Contraceptives are what Foucault termed "disciplinary technologies" (Rabinow 1984:17), part of the "socialization of reproductive behavior" that can discipline such behavior in multiple ways. But, simultaneously, contraceptives can be means of liberation, offering strategies of resistance against related disciplines of gender as well as race, class, and global position. Many contradictions are carried on the n-way webs of relations along which both simple and scientific means of contraception travel. As feminist women's health advocates have learned, especially but not only through the transnationalization of their movements, the heterogeneity of women's situations must be of paramount concern. This heterogeneity requires that women and men have access to a diversity of means of control over reproduction. Current feminist goals call for active user participation in design and in all subsequent stages. Further, the calculus of risks and benefits for each method must take diversities of women's health care, cultural, and economic situations into account.
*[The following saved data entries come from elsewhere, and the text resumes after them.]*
definition bc_coloring ::
  "nat \<Rightarrow> nat \<Rightarrow> (nat list \<Rightarrow> nat) \<Rightarrow> nat \<Rightarrow> nat \<Rightarrow> bool" where
  "bc_coloring N q h b c \<longleftrightarrow>
     (\<exists>S. perfect_coloring N q 2 h S \<and> S 1 2 = b \<and> S 2 1 = c)"

definition mds2_code :: "nat \<Rightarrow> nat \<Rightarrow> nat list set \<Rightarrow> bool" where
  "mds2_code m q C \<longleftrightarrow> C \<subseteq> hverts m q \<and> card C = q ^ (m - 1) \<and>
     (\<forall>x\<in>C. \<forall>y\<in>C. x \<noteq> y \<longrightarrow> hdist x y \<ge> 2)"

definition mds2_partition :: "nat \<Rightarrow> nat \<Rightarrow> (nat \<Rightarrow> nat list set) \<Rightarrow> bool" where
  "mds2_partition m q M \<longleftrightarrow>
     (\<forall>j\<in>{1..q}. mds2_code m q (M j)) \<and>
     (\<forall>i\<in>{1..q}. \<forall>j\<in>{1..q}. i \<noteq> j \<longrightarrow> M i \<inter> M j = {}) \<and>
     (\<Union>j\<in>{1..q}. M j) = hverts m q"

definition Gmap :: "nat \<Rightarrow> nat \<Rightarrow> (nat \<Rightarrow> nat list set) \<Rightarrow> nat \<Rightarrow> nat \<Rightarrow> nat list \<Rightarrow> nat" where
  "Gmap m q M i t y =
     (if 1 \<le> m then
        (if y \<in> (\<Union>s\<in>{..<t}. M ((i + s - 1) mod q + 1)) then 1 else 2)
      else (if 1 \<le> i \<and> i \<le> t then 1 else 2))"

definition invasion :: "nat \<Rightarrow> (nat list \<Rightarrow> nat) \<Rightarrow> (nat \<Rightarrow> nat list \<Rightarrow> nat) \<Rightarrow> nat list \<Rightarrow> nat" where
  "invasion n f g z = g (f (take n z)) (drop n z)"

end

theory Submission
  imports Defs
begin

text \<open>An edge of H(n+m,q) at (x,y) changes either x or y. Along the first kind, the number of
  colour changes of the invasion is read off the quotient matrix of f; along the second, only the
  single map g_{f(x)} matters. Every vertex outside a distance-2 MDS code of H(m,q) has exactly
  m neighbours in it; hence G^i_t changes colour at m(q-t) neighbours of a vertex of colour 1
  and at m t neighbours of a vertex of colour 2.
  Moreover each vertex lies in exactly t of the q cyclic windows, so exactly t of the maps
  G^1_t, ..., G^q_t give it colour 1. With m = gamma - alpha (and m = beta - delta) the two
  contributions add up to counts that no longer depend on f(x).\<close>

lemma hverts_conv_lists: "hverts n q = {xs. set xs \<subseteq> {..<q} \<and> length xs = n}"
  by (auto simp: hverts_def)

lemma finite_hverts: "finite (hverts n q)"
  unfolding hverts_conv_lists by (rule finite_lists_length_eq) simp

lemma card_hverts: "card (hverts n q) = q ^ n"
  unfolding hverts_conv_lists by (subst card_lists_length_eq) simp_all

lemma append_in_hverts: "x \<in> hverts n q \<Longrightarrow> y \<in> hverts m q \<Longrightarrow> x @ y \<in> hverts (n + m) q"
  by (auto simp: hverts_def)

lemma take_drop_in_hverts:
  "z \<in> hverts (n + m) q \<Longrightarrow> take n z \<in> hverts n q \<and> drop n z \<in> hverts m q"
  by (auto simp: hverts_def dest: in_set_takeD in_set_dropD)

lemma hdist_conv_filter:
  "length x = length y \<Longrightarrow> hdist x y = length (filter (\<lambda>(a, b). a \<noteq> b) (zip x y))"
  unfolding hdist_def length_filter_conv_card
  by (auto intro!: arg_cong[where f = card])

lemma hdist_append:
  "length x1 = length x2 \<Longrightarrow> length y1 = length y2 \<Longrightarrow>
   hdist (x1 @ y1) (x2 @ y2) = hdist x1 x2 + hdist y1 y2"
  by (simp add: hdist_conv_filter zip_append)

lemma hdist_eq_0_iff: "length x = length y \<Longrightarrow> hdist x y = 0 \<longleftrightarrow> x = y"
proof -
  assume l: "length x = length y"
  have "finite {i. i < length x \<and> x ! i \<noteq> y ! i}"
    by (rule finite_subset[of _ "{..<length x}"]) auto
  then have "hdist x y = 0 \<longleftrightarrow> (\<forall>i<length x. x ! i = y ! i)"
    by (auto simp: hdist_def)
  with l show ?thesis by (simp add: list_eq_iff_nth_eq)
qed

lemma hdist_self [simp]: "hdist x x = 0"
  using hdist_eq_0_iff by simp

lemma hdist_list_update:
  "i < length y \<Longrightarrow> hdist y (y[i := a]) = (if y ! i \<noteq> a then 1 else 0)"
proof -
  assume i: "i < length y"
  have "{j. j < length y \<and> y ! j \<noteq> y[i := a] ! j} = (if y ! i \<noteq> a then {i} else {})"
    using i by (auto simp: nth_list_update)
  then show ?thesis by (simp add: hdist_def)
qed

lemma hdist_eq_1E:
  assumes l: "length z = length y" and h: "hdist y z = 1"
  obtains i where "i < length y" "z = y[i := z ! i]" "z ! i \<noteq> y ! i"
proof -
  from h obtain i where i: "{j. j < length y \<and> y ! j \<noteq> z ! j} = {i}"
    unfolding hdist_def by (rule card_1_singletonE)
  then have il: "i < length y" and ne: "y ! i \<noteq> z ! i" by auto
  have eq: "\<And>j. j < length y \<Longrightarrow> j \<noteq> i \<Longrightarrow> y ! j = z ! j"
    using i by blast
  have "z = y[i := z ! i]"
    by (rule nth_equalityI) (use l eq il in \<open>auto simp: nth_list_update\<close>)
  with il ne show thesis by (intro that) auto
qed

lemma neighbours_conv_UN_update:
  assumes y: "y \<in> hverts m q"
  shows "{z\<in>hverts m q. hdist y z = 1 \<and> P z} =
     (\<Union>i<m. (\<lambda>a. y[i := a]) ` {a\<in>{..<q} - {y ! i}. P (y[i := a])})"
proof (intro equalityI subsetI)
  fix z assume "z \<in> {z\<in>hverts m q. hdist y z = 1 \<and> P z}"
  then have z: "z \<in> hverts m q" "hdist y z = 1" "P z" by auto
  moreover have "length z = length y" using z(1) y by (simp add: hverts_def)
  ultimately obtain i where i: "i < length y" "z = y[i := z ! i]" "z ! i \<noteq> y ! i"
    by (auto elim: hdist_eq_1E)
  have "z ! i < q" using z(1) i(1) y by (auto simp: hverts_def)
  then show "z \<in> (\<Union>i<m. (\<lambda>a. y[i := a]) ` {a\<in>{..<q} - {y ! i}. P (y[i := a])})"
    using i z y by (auto simp: hverts_def intro!: image_eqI[where x = "z ! i"])
next
  fix z assume "z \<in> (\<Union>i<m. (\<lambda>a. y[i := a]) ` {a\<in>{..<q} - {y ! i}. P (y[i := a])})"
  then obtain i a where ia: "i < m" "a < q" "a \<noteq> y ! i" "P (y[i := a])" "z = y[i := a]"
    by auto
  have "z \<in> hverts m q"
    using ia y set_update_subset_insert[of y i a] by (auto simp: hverts_def)
  moreover have "hdist y z = 1"
    using ia y hdist_list_update[of i y a] by (auto simp: hverts_def)
  ultimately show "z \<in> {z\<in>hverts m q. hdist y z = 1 \<and> P z}" using ia by auto
qed

lemma card_neighbours_eq_sum:
  assumes y: "y \<in> hverts m q"
  shows "card {z\<in>hverts m q. hdist y z = 1 \<and> P z} =
     (\<Sum>i<m. card {a\<in>{..<q} - {y ! i}. P (y[i := a])})"
proof -
  have ly: "length y = m" using y by (simp add: hverts_def)
  have inj: "inj_on (\<lambda>a. y[i := a]) A" if "i < m" for i A
    using that ly by (auto simp: inj_on_def dest: arg_cong[where f = "\<lambda>l. l ! i"])
  have "card (\<Union>i<m. (\<lambda>a. y[i := a]) ` {a\<in>{..<q} - {y ! i}. P (y[i := a])}) =
      (\<Sum>i<m. card ((\<lambda>a. y[i := a]) ` {a\<in>{..<q} - {y ! i}. P (y[i := a])}))"
  proof (rule card_UN_disjoint)
    show "\<forall>i\<in>{..<m}. \<forall>j\<in>{..<m}. i \<noteq> j \<longrightarrow>
      (\<lambda>a. y[i := a]) ` {a\<in>{..<q} - {y ! i}. P (y[i := a])} \<inter>
      (\<lambda>a. y[j := a]) ` {a\<in>{..<q} - {y ! j}. P (y[j := a])} = {}"
      using ly by (auto simp: list_eq_iff_nth_eq nth_list_update split: if_splits)
  qed auto
  also have "\<dots> = (\<Sum>i<m. card {a\<in>{..<q} - {y ! i}. P (y[i := a])})"
    using inj by (intro sum.cong refl card_image) auto
  finally show ?thesis using neighbours_conv_UN_update[OF y] by simp
qed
This would, of course, change the reproductive arena considerably.
Hard (1993) has argued for a more explicitly and vividly conflictful social constructionism as not only possible but also likely to be found in empirical research, along with issues of power, stratification, and hierarchy.
Drawing upon social worlds analysis, the story of the emergence of modern scientific contraception told here meets these criteria. The reproductive arena was conflictful when it emerged, it remains conflictful today, and closure is not in sight. It is a modernist technoscience story of hierarchies, gender, and power that has now segued into the postmodern era and is still unfolding. But the quid pro quo constructed between reproductive scientists and birth control advocates of multiple kinds remains the foundational moment that still must be addressed.